The Hill said as the two headed in opposite directions, Yoho uttered the sexist comment “to no one in particular.”
Walking with Yoho was Rep. Roger Williams, R-Texas, another conservative. Heather Douglass, Williams’ spokesperson, said he didn’t hear the exchange and “would have immediately condemned that type of language towards any colleague.”
Ocasio-Cortez fired back, saying Williams was lying about not hearing the conversation and had even participated in it, making his own remark about “throwing urine.”
“When he undeniably sees another man engaged in virulent harassment of a young woman, just pretend you never saw it in the most cartoonish manner possible,” she wrote.
Yoho, 65, is a member of the hard-right House Freedom Caucus and a foe of GOP leaders he’s considered too moderate like former Speaker John Boehner, R-Ohio. He’s retiring when his term ends in January.
Ocasio-Cortez, 30, is a high-profile first-term congresswoman whose vociferous support for proposals like the Green New Deal has won her appearances in GOP campaign ads casting her as a liberal villain.
Yoho spokesperson Brian Kaveney said in an email Tuesday that Yoho “had a brief member to member conversation” and had not called Ocasio-Cortez a name. He wrote that Yoho said “bull——” to himself, “summarizing what he believes her policies to be.”
“It is unfortunate that Rep. Ocasio-Cortez is using this exchange to gain personal attention,” said Kaveny.
Kaveny did not immediately respond to a follow-up email asking if Yoho would apologize.

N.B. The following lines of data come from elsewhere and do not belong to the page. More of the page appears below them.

lemma nn_integral_shifted_square_powr:
  fixes y :: "'a::euclidean_space" and a H :: real
  assumes a: "DIM('a) / 2 < a" and H: "H > 0"
  shows "(\<integral>\<^sup>+t. ennreal (((norm (t - y))^2 + H) powr (-a)) \<partial>lborel)
    = ennreal (pi powr (DIM('a) / 2) * Gamma (a - DIM('a) / 2) / Gamma a * H powr (-(a - DIM('a) / 2)))"
proof -
  define D where "D = DIM('a) / 2"
  have "D > 0" by (simp add: D_def)
  with a have Gamma_pos: "Gamma a > 0" "Gamma (a - D) > 0" by (auto simp: D_def intro: Gamma_real_pos)
  have "(\<integral>\<^sup>+t. ennreal (((norm (t - y))^2 + H) powr (-a)) \<partial>lborel)
      = ennreal (1 / Gamma a) * (\<integral>\<^sup>+v. ennreal (indicator {0<..} v * (v powr (a - 1) * exp (-(H * v)))) *
          (\<integral>\<^sup>+t. ennreal (exp (-(v * (norm (t - y))^2))) \<partial>lborel) \<partial>lborel)"
    using nn_integral_shifted_square_powr_Gamma_mixture[of "\<lambda>_. 1" a H y] a H \<open>D > 0\<close>
    by (simp add: D_def)
  also have "\<dots> = ennreal (1 / Gamma a) * (\<integral>\<^sup>+v. ennreal (pi powr D) *
      ennreal (indicator {0<..} v * (v powr (a - D - 1) * exp (-(H * v)))) \<partial>lborel)"
  proof -
    have "ennreal (indicator {0<..} v * (v powr (a - 1) * exp (-(H * v)))) *
          (\<integral>\<^sup>+t. ennreal (exp (-(v * (norm (t - y))^2))) \<partial>lborel)
        = ennreal (pi powr D) * ennreal (indicator {0<..} v * (v powr (a - D - 1) * exp (-(H * v))))" for v
    proof (cases "v > 0")
      case True
      have "indicator {0<..} v * (v powr (a - 1) * exp (-(H * v))) * (pi / v) powr D
          = pi powr D * (indicator {0<..} v * (v powr (a - D - 1) * exp (-(H * v))))"
        using True by (simp add: powr_divide powr_diff powr_mult_base field_simps)
      then show ?thesis
        using True by (simp add: nn_integral_gaussian_euclidean D_def flip: ennreal_mult'' ennreal_mult')
    qed simp
    then show ?thesis by (simp only:)
  qed
  also have "\<dots> = ennreal (1 / Gamma a) * (ennreal (pi powr D) * ennreal (Gamma (a - D) * H powr (-(a - D))))"
    using a H by (simp add: nn_integral_cmult nn_integral_Gamma_kernel D_def)
  finally show ?thesis
    using Gamma_pos by (simp add: ennreal_mult''[symmetric] D_def mult_ac)
qed

lemma nn_integral_Gamma_weighted_gaussian_product:
  fixes x y :: "'a::euclidean_space" and b v :: real
  assumes v: "v > 0"
  shows "(\<integral>\<^sup>+u. \<integral>\<^sup>+t. ennreal (indicator {0<..} u * (u powr (b - 1) *
            exp (-(u * (norm (x - t))^2 + v * (norm (t - y))^2)))) \<partial>lborel \<partial>lborel)
       = (\<integral>\<^sup>+q. ennreal (indicator {0<..} q * (pi powr (DIM('a) / 2) * v powr (b - DIM('a) / 2) *
            q powr (b - 1) * (1 + q) powr (-(DIM('a) / 2)) *
            exp (-(v * q / (1 + q) * (norm (x - y))^2)))) \<partial>lborel)"
    (is "_ = (\<integral>\<^sup>+q. ennreal (?g q) \<partial>lborel)")
proof -
  define D where "D = DIM('a) / 2"
  define K where "K = (norm (x - y))^2"
  let ?h = "\<lambda>u. indicator {0<..} u *
    (u powr (b - 1) * ((pi / (u + v)) powr D * exp (-(u * v / (u + v) * K))))"
  have "(\<integral>\<^sup>+u. \<integral>\<^sup>+t. ennreal (indicator {0<..} u * (u powr (b - 1) *
            exp (-(u * (norm (x - t))^2 + v * (norm (t - y))^2)))) \<partial>lborel \<partial>lborel)
      = (\<integral>\<^sup>+u. ennreal (?h u) \<partial>lborel)"
  proof (rule nn_integral_cong)
    fix u :: real
    show "(\<integral>\<^sup>+t. ennreal (indicator {0<..} u * (u powr (b - 1) *
            exp (-(u * (norm (x - t))^2 + v * (norm (t - y))^2)))) \<partial>lborel) = ennreal (?h u)"
    proof (cases "u > 0")
      case True
      then have "(\<integral>\<^sup>+t. ennreal (indicator {0<..} u * (u powr (b - 1) *
            exp (-(u * (norm (x - t))^2 + v * (norm (t - y))^2)))) \<partial>lborel)
          = ennreal (u powr (b - 1)) *
            (\<integral>\<^sup>+t. ennreal (exp (-(u * (norm (x - t))^2 + v * (norm (t - y))^2))) \<partial>lborel)"
        by (subst nn_integral_ennreal_cmult[symmetric]) (simp_all, measurable)
      also have "\<dots> = ennreal (?h u)"
        unfolding nn_integral_gaussian_product[OF less_imp_le[OF True] v]
        using True by (simp add: ennreal_mult'[symmetric] D_def K_def)
      finally show ?thesis .
    qed simp
  qed
  also have "\<dots> = ennreal v * (\<integral>\<^sup>+q. ennreal (?h (0 + v * q)) \<partial>lborel)"
    using v by (subst nn_integral_real_affine[where c = v and t = 0]) auto
  also have "\<dots> = (\<integral>\<^sup>+q. ennreal (v * ?h (v * q)) \<partial>lborel)"
    using v by (subst nn_integral_ennreal_cmult) auto
  also have "\<dots> = (\<integral>\<^sup>+q. ennreal (?g q) \<partial>lborel)"
  proof (rule nn_integral_cong)
    fix q :: real
    show "ennreal (v * ?h (v * q)) = ennreal (?g q)"
    proof (cases "q > 0")
      case q: True
      have "v * (v * q) powr (b - 1) * (pi / (v * q + v)) powr D
          = pi powr D * v powr (b - D) * q powr (b - 1) * (1 + q) powr (-D)"
      proof -
        have "(pi / (v * q + v)) powr D = pi powr D * v powr (-D) * (1 + q) powr (-D)"
        proof -
          have "v * q + v = v * (1 + q)" by (simp add: algebra_simps)
          then show ?thesis using v q by (simp add: powr_divide powr_mult powr_minus_divide)
        qed
        moreover have "v * (v * q) powr (b - 1) * v powr (-D) = v powr (b - D) * q powr (b - 1)"
          using v q by (simp add: powr_mult powr_add[symmetric] powr_mult_base mult_ac)
        ultimately show ?thesis by (simp add: mult_ac)
      qed
      moreover have "v * q * v / (v * q + v) = v * q / (1 + q)"
      proof -
        have "v * q + v \<noteq> 0" using v q by (metis add_pos_pos less_irrefl mult_pos_pos)
        then show ?thesis using v q by (simp add: field_simps)
      qed
      ultimately show ?thesis
        using v q by (simp add: D_def K_def mult_ac)
    qed (use v in \<open>simp add: zero_less_mult_iff\<close>)
  qed
  finally show ?thesis .
qed

lemma nn_integral_gaussian_riesz_kernel:
  fixes x y :: "'a::euclidean_space" and b v :: real
  assumes b: "b > 0" and v: "v > 0"
  shows "(\<integral>\<^sup>+t. ennreal (exp (-(v * (norm (t - y))^2))) * ennreal (norm (x - t) powr (-(2 * b))) \<partial>lborel)
       = ennreal (1 / Gamma b) * (\<integral>\<^sup>+q. ennreal (indicator {0<..} q * (pi powr (DIM('a) / 2) *
            v powr (b - DIM('a) / 2) * q powr (b - 1) * (1 + q) powr (-(DIM('a) / 2)) *
            exp (-(v * q / (1 + q) * (norm (x - y))^2)))) \<partial>lborel)"
proof -
  let ?g = "\<lambda>t u. ennreal (indicator {0<..} u * (u powr (b - 1) *
              exp (-(u * (norm (x - t))^2 + v * (norm (t - y))^2))))"
  have "(\<integral>\<^sup>+t. ennreal (exp (-(v * (norm (t - y))^2))) * ennreal (norm (x - t) powr (-(2 * b))) \<partial>lborel)
      = (\<integral>\<^sup>+t. ennreal (1 / Gamma b) * (\<integral>\<^sup>+u. ?g t u \<partial>lborel) \<partial>lborel)"
  proof (rule nn_integral_cong_AE, rule eventually_mono[OF AE_lborel_singleton[of x]])
    fix t assume "t \<noteq> x"
    then have r: "(norm (x - t))^2 > 0" by simp
    have "ennreal (exp (-(v * (norm (t - y))^2))) * ennreal (norm (x - t) powr (-(2 * b)))
        = ennreal (exp (-(v * (norm (t - y))^2))) * ennreal (((norm (x - t))^2) powr (-b))"
      using power2_powr_half[of "norm (x - t)" "-(2 * b)"] by simp
    also have "\<dots> = ennreal (exp (-(v * (norm (t - y))^2))) * (ennreal (1 / Gamma b) *
        (\<integral>\<^sup>+u. ennreal (indicator {0<..} u * (u powr (b - 1) * exp (-((norm (x - t))^2 * u)))) \<partial>lborel))"
      using b r by (simp only: powr_neg_eq_Gamma_integral)
    also have "\<dots> = ennreal (1 / Gamma b) * (\<integral>\<^sup>+u. ennreal (exp (-(v * (norm (t - y))^2))) *
        ennreal (indicator {0<..} u * (u powr (b - 1) * exp (-((norm (x - t))^2 * u)))) \<partial>lborel)"
      by (subst nn_integral_cmult) (simp_all add: mult_ac)
    also have "\<dots> = ennreal (1 / Gamma b) * (\<integral>\<^sup>+u. ?g t u \<partial>lborel)"
      by (simp add: ennreal_mult'[symmetric] exp_add[symmetric] algebra_simps)
    finally show "ennreal (exp (-(v * (norm (t - y))^2))) * ennreal (norm (x - t) powr (-(2 * b)))
        = ennreal (1 / Gamma b) * (\<integral>\<^sup>+u. ?g t u \<partial>lborel)" .
  qed
  also have "\<dots> = ennreal (1 / Gamma b) * (\<integral>\<^sup>+t. \<integral>\<^sup>+u. ?g t u \<partial>lborel \<partial>lborel)"
    by (rule nn_integral_cmult) measurable
  also have "(\<integral>\<^sup>+t. \<integral>\<^sup>+u. ?g t u \<partial>lborel \<partial>lborel) = (\<integral>\<^sup>+u. \<integral>\<^sup>+t. ?g t u \<partial>lborel \<partial>lborel)"
    by (rule lborel_pair.Fubini') measurable
  finally show ?thesis
    using v by (simp only: nn_integral_Gamma_weighted_gaussian_product)
qed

House Majority Leader Steny Hoyer, D-Md., said Yoho’s comments were “despicable and unacceptable” and require an apology on the House floor. By late afternoon Tuesday, there was no indication whether that would occur.
“It was the act of a bully, of a person who is the antithesis of the person we are honoring this week, John Lewis,” said Hoyer, referring to the Georgia Democrat and civil rights hero who died Friday. He said Yoho’s action was “despicable conduct and it needs to be sanctioned.″
Other congressional Democrats swarmed to Ocasio-Cortez’s defense on Twitter.
Rep. Rashida Tlaib, D-Mich., who, like Ocasio-Cortez, is a member of the “Squad” of first-term congresswomen of color, wrote that Yoho had “perpetuated” the problem of violence against women with his “sexist verbal attack.”
Rep. Dean Phillips, D-Minn., tweeted that he, too, believes poverty can cause crime and said, “Wonder why Rep. Yoho hasn’t accosted me on the Capitol steps with the same sentiment?”